While it works and all four tests pass, the trim() func­tion is way too com­plex. Aside, I don't like hav­ing to loop through the whole string in or­der to ma­nip­u­late some­thing which is nec­es­sar­i­ly at the very end of it. Let's go for an or­di­nary loop in­stead of a for...of state­ment:

function rtrim(text) {
    for (let i = text.length - 1; i >= 0; --i) {
        if (text[i] !== " ") {
            return text.slice(0, i + 1);
        }
    }

    return "";
}

Now that I com­pare ltrim() and rtrim(), they look very dif­fer­ent. Some­times this is not a prob­lem: two al­go­rithms which do two very dif­fer­ent things don't nec­es­sar­i­ly need to look the same just be­cause the name of the con­tain­ing func­tion looks the same. Here, how­ev­er, I have an im­pres­sion that the so­lu­tion with the gen­er­a­tors is a bit too smart for what it's worth. Hav­ing a ded­i­cat­ed skipUntil() is re­al­ly an overkill here, and the whole ap­proach looks wrong. So I can rewrite it, us­ing the very same ap­proach as I used for rtrim():

function ltrim(text) {
    for (let i = 0; i < text.length; ++i) {
        if (text[i] !== " ") {
            return text.slice(i);
        }
    }

    return "";
}

Now, the two look ex­act­ly the same. So much that we can ex­tract the al­go­rithm in a com­mon func­tion, like this:

function sliceOn(text, from, to, step, slice) {
    for (let i = from; to(i); i += step) {
        if (text[i] !== " ") {
            return slice(text, i);
        }
    }

    return "";
}

const ltrim = (text) => sliceOn(
    text, 0, i => i < text.length, 1, (t, i) => t.slice(i));

const rtrim = (text) => sliceOn(
    text, text.length - 1, i => i >= 0, -1, (t, i) => t.slice(0, i + 1));

const trim = (text) => rtrim(ltrim(text));

I'm quite hes­i­tant as whether this last change is an ac­tu­al im­prove­ment or not. On one side, a loop with a con­di­tion in­side of it wasn't par­tic­u­lar­ly el­e­gant. On the oth­er hand, it takes more time to un­der­stand what's go­ing on when look­ing at the new code. Sim­i­lar­ly, one could move the con­di­tion to a dif­fer­ent func­tion, isSpace(), but is it worth it? I don't know.

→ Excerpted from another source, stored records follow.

(* Let $n\ge1$, $\rho\in\mathbb{R}$ with $3+n-3n\rho\neq0$, and let $Q_n$ be the quaternion Lie group with Lie algebra basis $e_1,\dots,e_{4n+3}$ as in the context. Let $g_0$ be a left-invariant metric diagonal in this basis with $g_j(0)=g_1(0)$ for $1\le j\le 4n$, $g_{4n+1}(0)=g_{4n+2}(0)=g_{4n+3}(0)$, and $g_1(0)^2=g_{4n+1}(0)$. Let $g(t)$ be the diagonal left-invariant metric with $g_j(t)=g_1(0)(1+ct)^{\frac{3(1-2n\rho)}{6+2n-6n\rho}}$ ($1\le j\le 4n$), $g_{4n+k}(t)=g_{4n+1}(0)(1+ct)^{\frac{-n(1+3\rho)}{3+n-3n\rho}}$ ($1\le k\le3$), $c=\frac{g_{4n+1}(0)}{g_1(0)^2}(6+2n-6n\rho)$, which is the solution of the Ricci–Bourguignon flow $\partial_tg=-2\mathrm{Ric}+2\rho Rg$ starting at $g_0$. Then $(Q_n,g_0)$ is of Heisenberg type, but the Heisenberg type property is not preserved along $g(t)$: for $t\ne0$ (with $1+ct>0$), the metric Lie algebra of $(Q_n,g(t))$ is not of Heisenberg type.
   Context: $Q_n$ is the simply connected 2-step nilpotent Lie group whose Lie algebra has basis $X_{1l},X_{2l},X_{3l},X_{4l}$ ($1\le l\le n$), $Z_1,Z_2,Z_3$ with nonzero brackets $[X_{1l},X_{2l}]=-Z_1$, $[X_{1l},X_{3l}]=Z_3$, $[X_{1l},X_{4l}]=Z_2$, $[X_{2l},X_{3l}]=Z_2$, $[X_{2l},X_{4l}]=-Z_3$, $[X_{3l},X_{4l}]=-Z_1$; set $e_i=X_{1i}$, $e_{n+i}=X_{2i}$, $e_{2n+i}=X_{3i}$, $e_{3n+i}=X_{4i}$, $e_{4n+r}=Z_r$, and $g_\alpha=g(e_\alpha,e_\alpha)$. For a 2-step nilpotent Lie algebra with inner product, with center $\mathcal{Z}$ and $\mathcal{V}=\mathcal{Z}^\perp$, define $j(Z):\mathcal{V}\to\mathcal{V}$ for $Z\in\mathcal{Z}$ by $\langle j(Z)X,Y\rangle=\langle Z,[X,Y]\rangle$; the metric Lie algebra is of Heisenberg type if $j(Z)^2=-|Z|^2\mathrm{Id}$ for all $Z\in\mathcal{Z}$. Here $\mathcal{Z}=\mathrm{span}\{Z_1,Z_2,Z_3\}$ and $\mathcal{V}=\mathrm{span}\{e_1,\dots,e_{4n}\}$, with $j$ and norms taken with respect to $g(t)$. *)

theory Defs
  imports Complex_Main
begin

(* Quaternion Lie algebra q_n with basis e_1..e_{4n+3}; vectors are functions nat => real,
   e_i = X_{1i}, e_{n+i} = X_{2i}, e_{2n+i} = X_{3i}, e_{3n+i} = X_{4i}, e_{4n+r} = Z_r. *)

(* coefficient of Z_r in [X_{k1 l}, X_{k2 l}] for k1 < k2 *)
definition qup :: "nat \<Rightarrow> nat \<Rightarrow> nat \<Rightarrow> real" where
  "qup k1 k2 r =
     (if (k1, k2) = (1, 2) then (if r = 1 then -1 else 0)
      else if (k1, k2) = (1, 3) then (if r = 3 then 1 else 0)
      else if (k1, k2) = (1, 4) then (if r = 2 then 1 else 0)
      else if (k1, k2) = (2, 3) then (if r = 2 then 1 else 0)
      else if (k1, k2) = (2, 4) then (if r = 3 then -1 else 0)
      else if (k1, k2) = (3, 4) then (if r = 1 then -1 else 0)
      else 0)"

definition qconst :: "nat \<Rightarrow> nat \<Rightarrow> nat \<Rightarrow> real" where
  "qconst k1 k2 r = (if k1 < k2 then qup k1 k2 r else if k2 < k1 then - qup k2 k1 r else 0)"

definition qkind :: "nat \<Rightarrow> nat \<Rightarrow> nat" where "qkind n a = (a - 1) div n + 1"
definition qblock :: "nat \<Rightarrow> nat \<Rightarrow> nat" where "qblock n a = (a - 1) mod n"

definition qsc :: "nat \<Rightarrow> nat \<Rightarrow> nat \<Rightarrow> nat \<Rightarrow> real" where
  "qsc n a b r = (if a \<in> {1..4*n} \<and> b \<in> {1..4*n} \<and> qblock n a = qblock n b
                  then qconst (qkind n a) (qkind n b) r else 0)"

definition qbr :: "nat \<Rightarrow> (nat \<Rightarrow> real) \<Rightarrow> (nat \<Rightarrow> real) \<Rightarrow> (nat \<Rightarrow> real)" where
  "qbr n x y = (\<lambda>i. if 4*n+1 \<le> i \<and> i \<le> 4*n+3 then
       (\<Sum>a\<in>{1..4*n}. \<Sum>b\<in>{1..4*n}. x a * y b * qsc n a b (i - 4*n)) else 0)"

definition qalg :: "nat \<Rightarrow> (nat \<Rightarrow> real) set" where
  "qalg n = {x. \<forall>i. x i \<noteq> 0 \<longrightarrow> 1 \<le> i \<and> i \<le> 4*n+3}"
definition qV :: "nat \<Rightarrow> (nat \<Rightarrow> real) set" where
  "qV n = {x. \<forall>i. x i \<noteq> 0 \<longrightarrow> 1 \<le> i \<and> i \<le> 4*n}"
definition qZ :: "nat \<Rightarrow> (nat \<Rightarrow> real) set" where
  "qZ n = {x. \<forall>i. x i \<noteq> 0 \<longrightarrow> 4*n+1 \<le> i \<and> i \<le> 4*n+3}"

Here's an al­ter­na­tive which doesn't in­volve any sep­a­ra­tion be­tween the left trim and the right trim, and reuses the ap­proach I start­ed to im­ple­ment above:

function trim(text) {
    let start = -1;
    let end = 0;
    for (let i = 0; i < text.length; ++i) {
        if (text[i] !== " ") {
            start = start === -1 ? i : start;
            end = i;
        }
    }

    return text.slice(start, end + 1);
}

This one goes in a sin­gle loop, and records the po­si­tions of the first and the last char­ac­ters it finds. At first, it seems more op­ti­mized than the ear­li­er ver­sion. How­ev­er, it all de­pends on the ac­tu­al strings be­ing trimmed. If you give it a very long string with spaces nei­ther at the be­gin­ning, nor at the end, the al­go­rithm will per­form ac­tu­al­ly rather poor­ly. When the ear­li­er so­lu­tion would stop the loop im­me­di­ate­ly, the sec­ond al­go­rithm will walk through the en­tire string, need­less­ly.

Aside per­for­mance con­sid­er­a­tions, I would think about the ac­tu­al in­ter­face and how would it be used. In fact, the ear­ly ap­proach has a ben­e­fit of be­ing able to pro­vide, sep­a­rate­ly, the left and right trim­ming func­tions. This can be­come handy, as some­times, one doesn't want to trim on both sides, but only one. This makes the first ap­proach my pre­ferred one.